Custom Fields configuration panel showing extraction rules and sync options|690x431

Define extraction rules using XPath or JSONPath syntax to target specific elements in your page HTML or LD+JSON structured data. You can extract values from meta tags, HTML attributes, text content, and application/ld+json blocks embedded in the page.

Choose whether to capture attribute values or text content, store data as custom properties, tags, or system metadata, and set conditions for when extraction should happen.
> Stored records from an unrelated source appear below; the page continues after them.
definition pos_semidef :: "nat \<Rightarrow> real mat \<Rightarrow> bool" where
  "pos_semidef n P \<longleftrightarrow> P \<in> carrier_mat n n \<and>
     (\<forall>x \<in> carrier_vec n. x \<bullet> (P *\<^sub>v x) \<ge> 0)"

definition sigma :: "nat \<Rightarrow> 'f set \<Rightarrow> 'f \<Rightarrow> ('f \<Rightarrow> real vec) \<Rightarrow> real vec" where
  "sigma n I i x = Matrix.vec n (\<lambda>k. \<Sum>j\<in>I - {i}. x j $ k)"

text \<open>J^i(y, x^{-i}, pi): own strategy y, the others' strategies read off the profile x.\<close>
definition Jcost :: "nat \<Rightarrow> real mat \<Rightarrow> real mat \<Rightarrow> ('f \<Rightarrow> real vec) \<Rightarrow> ('f \<Rightarrow> real mat)
    \<Rightarrow> 'f set \<Rightarrow> 'f \<Rightarrow> real vec \<Rightarrow> ('f \<Rightarrow> real vec) \<Rightarrow> real vec \<Rightarrow> real" where
  "Jcost n P Q r S I i y x \<pi> =
     1/2 * (y \<bullet> (P *\<^sub>v y)) + y \<bullet> (Q *\<^sub>v sigma n I i x) + r i \<bullet> y + y \<bullet> (S i *\<^sub>v \<pi>)"

definition is_NE :: "'f set \<Rightarrow> ('f \<Rightarrow> real vec set) \<Rightarrow> ('f \<Rightarrow> real vec \<Rightarrow> ('f \<Rightarrow> real vec) \<Rightarrow> real)
    \<Rightarrow> ('f \<Rightarrow> real vec) \<Rightarrow> bool" where
  "is_NE I X J x \<longleftrightarrow> (\<forall>j\<in>I. x j \<in> X j \<and> (\<forall>y \<in> X j. J j (x j) x \<le> J j y x))"

definition partial :: "nat \<Rightarrow> (real vec \<Rightarrow> real) \<Rightarrow> real vec \<Rightarrow> nat \<Rightarrow> real" where
  "partial n f x c = (THE D. ((\<lambda>t. f (x + t \<cdot>\<^sub>v unit_vec n c)) has_real_derivative D) (at 0))"

definition grad :: "nat \<Rightarrow> (real vec \<Rightarrow> real) \<Rightarrow> real vec \<Rightarrow> real vec" where
  "grad n f x = Matrix.vec n (\<lambda>c. partial n f x c)"

definition hess :: "nat \<Rightarrow> (real vec \<Rightarrow> real) \<Rightarrow> real vec \<Rightarrow> real mat" where
  "hess n f x = Matrix.mat n n (\<lambda>(r, c). partial n (\<lambda>y. grad n f y $ r) x c)"

definition jacobian_is :: "nat \<Rightarrow> (real vec \<Rightarrow> real vec) \<Rightarrow> real vec \<Rightarrow> real mat \<Rightarrow> bool" where
  "jacobian_is n F z D \<longleftrightarrow> D \<in> carrier_mat (dim_vec (F z)) n \<and>
     (\<forall>r < dim_row D. \<forall>c < n.
        ((\<lambda>t. F (z + t \<cdot>\<^sub>v unit_vec n c) $ r) has_real_derivative (D $$ (r, c))) (at 0))"

definition rows_sel :: "real mat \<Rightarrow> nat list \<Rightarrow> real mat" where
  "rows_sel G ks = Matrix.mat (length ks) (dim_col G) (\<lambda>(r, c). G $$ (ks ! r, c))"

definition vec_sel :: "real vec \<Rightarrow> nat list \<Rightarrow> real vec" where
  "vec_sel h ks = Matrix.vec (length ks) (\<lambda>r. h $ (ks ! r))"

definition Dg :: "real vec \<Rightarrow> real mat" where
  "Dg v = mat_diag (dim_vec v) (\<lambda>j. v $ j)"

definition kkt_map :: "nat \<Rightarrow> (real vec \<Rightarrow> real) \<Rightarrow> real mat \<Rightarrow> real vec \<Rightarrow> real mat \<Rightarrow> real vec
    \<Rightarrow> real vec \<Rightarrow> real vec" where
  "kkt_map n f Gu hu Ab bb z =
    (let nl = dim_row Gu; nv = dim_row Ab;
         x = Matrix.vec n (\<lambda>j. z $ j);
         lam = Matrix.vec nl (\<lambda>j. z $ (n + j));
         nu = Matrix.vec nv (\<lambda>j. z $ (n + nl + j))
     in (grad n f x + transpose_mat Gu *\<^sub>v lam + transpose_mat Ab *\<^sub>v nu)
        @\<^sub>v (Dg lam *\<^sub>v (Gu *\<^sub>v x - hu))
        @\<^sub>v (Ab *\<^sub>v x - bb))"

definition is_kkt_point :: "nat \<Rightarrow> (real vec \<Rightarrow> real) \<Rightarrow> real mat \<Rightarrow> real vec \<Rightarrow> real mat \<Rightarrow> real vec
    \<Rightarrow> real vec \<Rightarrow> real vec \<Rightarrow> real vec \<Rightarrow> bool" where
  "is_kkt_point n f Gu hu Ab bb x lam nu \<longleftrightarrow>
     x \<in> carrier_vec n \<and> lam \<in> carrier_vec (dim_row Gu) \<and> nu \<in> carrier_vec (dim_row Ab) \<and>
     kkt_map n f Gu hu Ab bb (x @\<^sub>v lam @\<^sub>v nu) = 0\<^sub>v (n + dim_row Gu + dim_row Ab) \<and>
     (\<forall>j < dim_row Gu. lam $ j \<ge> 0 \<and> (Gu *\<^sub>v x) $ j \<le> hu $ j)"

definition block3 :: "real mat \<Rightarrow> real mat \<Rightarrow> real mat \<Rightarrow> real mat \<Rightarrow> real mat \<Rightarrow> real mat
    \<Rightarrow> real mat \<Rightarrow> real mat \<Rightarrow> real mat \<Rightarrow> real mat" where
  "block3 M11 M12 M13 M21 M22 M23 M31 M32 M33 =
     four_block_mat (four_block_mat M11 M12 M21 M22) (M13 @\<^sub>r M23)
       (four_block_mat M31 M32 (0\<^sub>m 0 (dim_col M31)) (0\<^sub>m 0 (dim_col M32))) M33"

definition full_row_rank :: "real mat \<Rightarrow> bool" where
  "full_row_rank A \<longleftrightarrow> vec_space.rank (dim_row A) A = dim_row A"

definition act_idx :: "real mat \<Rightarrow> real vec \<Rightarrow> real vec \<Rightarrow> nat list" where
  "act_idx G h x = filter (\<lambda>k. (G *\<^sub>v x) $ k = h $ k) [0..<dim_row G]"

definition inact_idx :: "real mat \<Rightarrow> real vec \<Rightarrow> real vec \<Rightarrow> nat list" where
  "inact_idx G h x = filter (\<lambda>k. (G *\<^sub>v x) $ k \<noteq> h $ k) [0..<dim_row G]"

definition G_under :: "real mat \<Rightarrow> real vec \<Rightarrow> real vec \<Rightarrow> real mat" where
  "G_under G h x = rows_sel G (inact_idx G h x)"

definition h_under :: "real mat \<Rightarrow> real vec \<Rightarrow> real vec \<Rightarrow> real vec" where
  "h_under G h x = vec_sel h (inact_idx G h x)"

definition A_bar :: "real mat \<Rightarrow> real mat \<Rightarrow> real vec \<Rightarrow> real vec \<Rightarrow> real mat" where
  "A_bar A G h x = A @\<^sub>r rows_sel G (act_idx G h x)"

definition b_bar :: "real vec \<Rightarrow> real mat \<Rightarrow> real vec \<Rightarrow> real vec \<Rightarrow> real vec" where
  "b_bar b G h x = b @\<^sub>v vec_sel h (act_idx G h x)"

end

theory Submission
  imports Defs
begin

(*
  The rows of G_under are, by construction, exactly the constraints with nonzero slack at x*,
  so no inactive constraint is weakly active, and complementary slackness forces the
  multipliers lambda to vanish.  The cost of follower i is quadratic in its own strategy with
  Hessian P, so the KKT map is a polynomial of degree two along every line through the KKT
  point; its linear part there is the claimed block matrix.  If this matrix maps (u, p, q) to
  zero, then p = 0 because the slacks are nonzero, Ab u = 0 and P u = - Ab^T q; hence
  u^T P u = - (Ab u)^T q = 0, so u = 0 as P is positive definite, and Ab^T q = 0 forces q = 0
  because Ab has full row rank.
*)

section \<open>Quadratic functions\<close>

lemma has_real_derivative_quadratic_at_0:
  "((\<lambda>t::real. a + t * b + t\<^sup>2 * c) has_real_derivative b) (at 0)"
  by (auto intro!: derivative_eq_intros)

lemma partial_eqI:
  assumes "((\<lambda>t. f (x + t \<cdot>\<^sub>v unit_vec n c)) has_real_derivative D) (at 0)"
  shows "partial n f x c = D"
  unfolding partial_def using assms by (rule the_equality) (metis DERIV_unique assms)

lemma scalar_prod_sym_mat_commute:
  fixes P :: "real mat"
  assumes P: "P \<in> carrier_mat n n" "sym_mat P" and x: "x \<in> carrier_vec n" and y: "y \<in> carrier_vec n"
  shows "x \<bullet> (P *\<^sub>v y) = y \<bullet> (P *\<^sub>v x)"
proof -
  have "x \<bullet> (P *\<^sub>v y) = (transpose_mat P *\<^sub>v x) \<bullet> y"
    using transpose_vec_mult_scalar[OF P(1) y x] ..
  also have "\<dots> = y \<bullet> (P *\<^sub>v x)"
    using P x y by (simp add: sym_mat_def comm_scalar_prod[of _ n])
  finally show ?thesis .
qed

lemma quadratic_along_line:
  fixes P :: "real mat"
  assumes P: "P \<in> carrier_mat n n" "sym_mat P"
    and x: "x \<in> carrier_vec n" and e: "e \<in> carrier_vec n" and k: "k \<in> carrier_vec n"
  shows "1/2 * ((x + t \<cdot>\<^sub>v e) \<bullet> (P *\<^sub>v (x + t \<cdot>\<^sub>v e))) + (x + t \<cdot>\<^sub>v e) \<bullet> k
     = (1/2 * (x \<bullet> (P *\<^sub>v x)) + x \<bullet> k) + t * (e \<bullet> (P *\<^sub>v x + k)) + t\<^sup>2 * (1/2 * (e \<bullet> (P *\<^sub>v e)))"
proof -
  have "(x + t \<cdot>\<^sub>v e) \<bullet> (P *\<^sub>v (x + t \<cdot>\<^sub>v e))
     = x \<bullet> (P *\<^sub>v x) + t * (x \<bullet> (P *\<^sub>v e)) + t * (e \<bullet> (P *\<^sub>v x)) + t\<^sup>2 * (e \<bullet> (P *\<^sub>v e))"
    using P x e by (simp add: mult_mat_vec add_scalar_prod_distrib[of _ n]
        scalar_prod_add_distrib[of _ n] algebra_simps power2_eq_square)
  moreover have "(x + t \<cdot>\<^sub>v e) \<bullet> k = x \<bullet> k + t * (e \<bullet> k)"
    using x e k by (simp add: add_scalar_prod_distrib[of _ n])
  moreover have "e \<bullet> (P *\<^sub>v x + k) = e \<bullet> (P *\<^sub>v x) + e \<bullet> k"
    using P x e k by (simp add: scalar_prod_add_distrib[of _ n])
  ultimately show ?thesis
    using scalar_prod_sym_mat_commute[OF P x e] by (simp add: algebra_simps)
qed

lemma grad_quadratic:
  fixes P :: "real mat"
  assumes f: "\<And>y. y \<in> carrier_vec n \<Longrightarrow> f y = 1/2 * (y \<bullet> (P *\<^sub>v y)) + y \<bullet> k"
    and P: "P \<in> carrier_mat n n" "sym_mat P" and k: "k \<in> carrier_vec n" and x: "x \<in> carrier_vec n"
  shows "grad n f x = P *\<^sub>v x + k"
proof (rule eq_vecI)
  fix c assume "c < dim_vec (P *\<^sub>v x + k)"
  then have c: "c < n" using k by simp
  let ?e = "unit_vec n c"
  have "(\<lambda>t. f (x + t \<cdot>\<^sub>v ?e)) = (\<lambda>t. (1/2 * (x \<bullet> (P *\<^sub>v x)) + x \<bullet> k)
      + t * (P *\<^sub>v x + k) $ c + t\<^sup>2 * (1/2 * (?e \<bullet> (P *\<^sub>v ?e))))"
    using f x P k c quadratic_along_line[OF P x _ k] by (auto simp: fun_eq_iff)
  then have "partial n f x c = (P *\<^sub>v x + k) $ c"
    by (intro partial_eqI) (simp only: has_real_derivative_quadratic_at_0)
  then show "grad n f x $ c = (P *\<^sub>v x + k) $ c"
    using c by (simp add: grad_def)
qed (use k in \<open>simp add: grad_def\<close>)

lemma hess_quadratic:
  fixes P :: "real mat"
  assumes f: "\<And>y. y \<in> carrier_vec n \<Longrightarrow> f y = 1/2 * (y \<bullet> (P *\<^sub>v y)) + y \<bullet> k"
    and P: "P \<in> carrier_mat n n" "sym_mat P" and k: "k \<in> carrier_vec n" and x: "x \<in> carrier_vec n"
  shows "hess n f x = P"
proof (rule eq_matI)
  fix r c assume "r < dim_row P" "c < dim_col P"
  then have rc: "r < n" "c < n" using P by auto
  let ?e = "unit_vec n c"
  have "grad n f (x + t \<cdot>\<^sub>v ?e) $ r = (P *\<^sub>v x + k) $ r + t * P $$ (r, c)" for t
    using grad_quadratic[OF f P k] x P k rc
    by (simp add: mult_add_distrib_mat_vec[of _ n n] mult_mat_vec[of _ n n])
  then have "partial n (\<lambda>y. grad n f y $ r) x c = P $$ (r, c)"
    by (intro partial_eqI) (auto intro!: derivative_eq_intros)
  then show "hess n f x $$ (r, c) = P $$ (r, c)"
    using rc by (simp add: hess_def)
qed (use P in \<open>auto simp: hess_def\<close>)

lemma dim_Dg [simp]: "dim_row (Dg v) = dim_vec v" "dim_col (Dg v) = dim_vec v"
  by (simp_all add: Dg_def mat_diag_def)

lemma Dg_carrier_mat: "v \<in> carrier_vec m \<Longrightarrow> Dg v \<in> carrier_mat m m"
  by (simp add: carrier_matI)

lemma Dg_mult_vec:
  assumes "dim_vec w = dim_vec v"
  shows "Dg v *\<^sub>v w = Matrix.vec (dim_vec v) (\<lambda>j. v $ j * w $ j)"
proof (rule eq_vecI)
  fix j assume "j < dim_vec (Matrix.vec (dim_vec v) (\<lambda>j. v $ j * w $ j))"
  then have j: "j < dim_vec v" by simp
  have "(Dg v *\<^sub>v w) $ j = (\<Sum>k<dim_vec v. (if j = k then v $ k else 0) * w $ k)"
    using j assms by (simp add: Dg_def mat_diag_def scalar_prod_def atLeast0LessThan)
  also have "\<dots> = (\<Sum>k<dim_vec v. if j = k then v $ k * w $ k else 0)"
    by (rule sum.cong) auto
  also have "\<dots> = v $ j * w $ j"
    using j by simp
  finally show "(Dg v *\<^sub>v w) $ j = Matrix.vec (dim_vec v) (\<lambda>j. v $ j * w $ j) $ j"
    using j by simp
qed (simp add: Dg_def mat_diag_def)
You control how extracted data behaves with existing values: overwrite, fill only empty fields, or append.

If the information exists in your server-side rendered HTML, Custom Fields captures it automatically during crawling. No manual tagging needed.

Custom Fields works with static HTML content available at crawl time. It cannot extract values from the JavaScript DataLayer or any data that requires JS execution to be present on the page.

For more details on how Marfeel’s editorial crawler works and what metadata it extracts by default, see How does Marfeel extract the metadata from articles.

Custom Fields extends this system by letting you define your own extraction rules on top of the standard metadata detection, using the same XPath and JSONPath syntax to pinpoint exactly what you need.

Navigate to Organization > Custom Fields and click + New Field.

The configuration form has two sections: What to Extract and Where to Save.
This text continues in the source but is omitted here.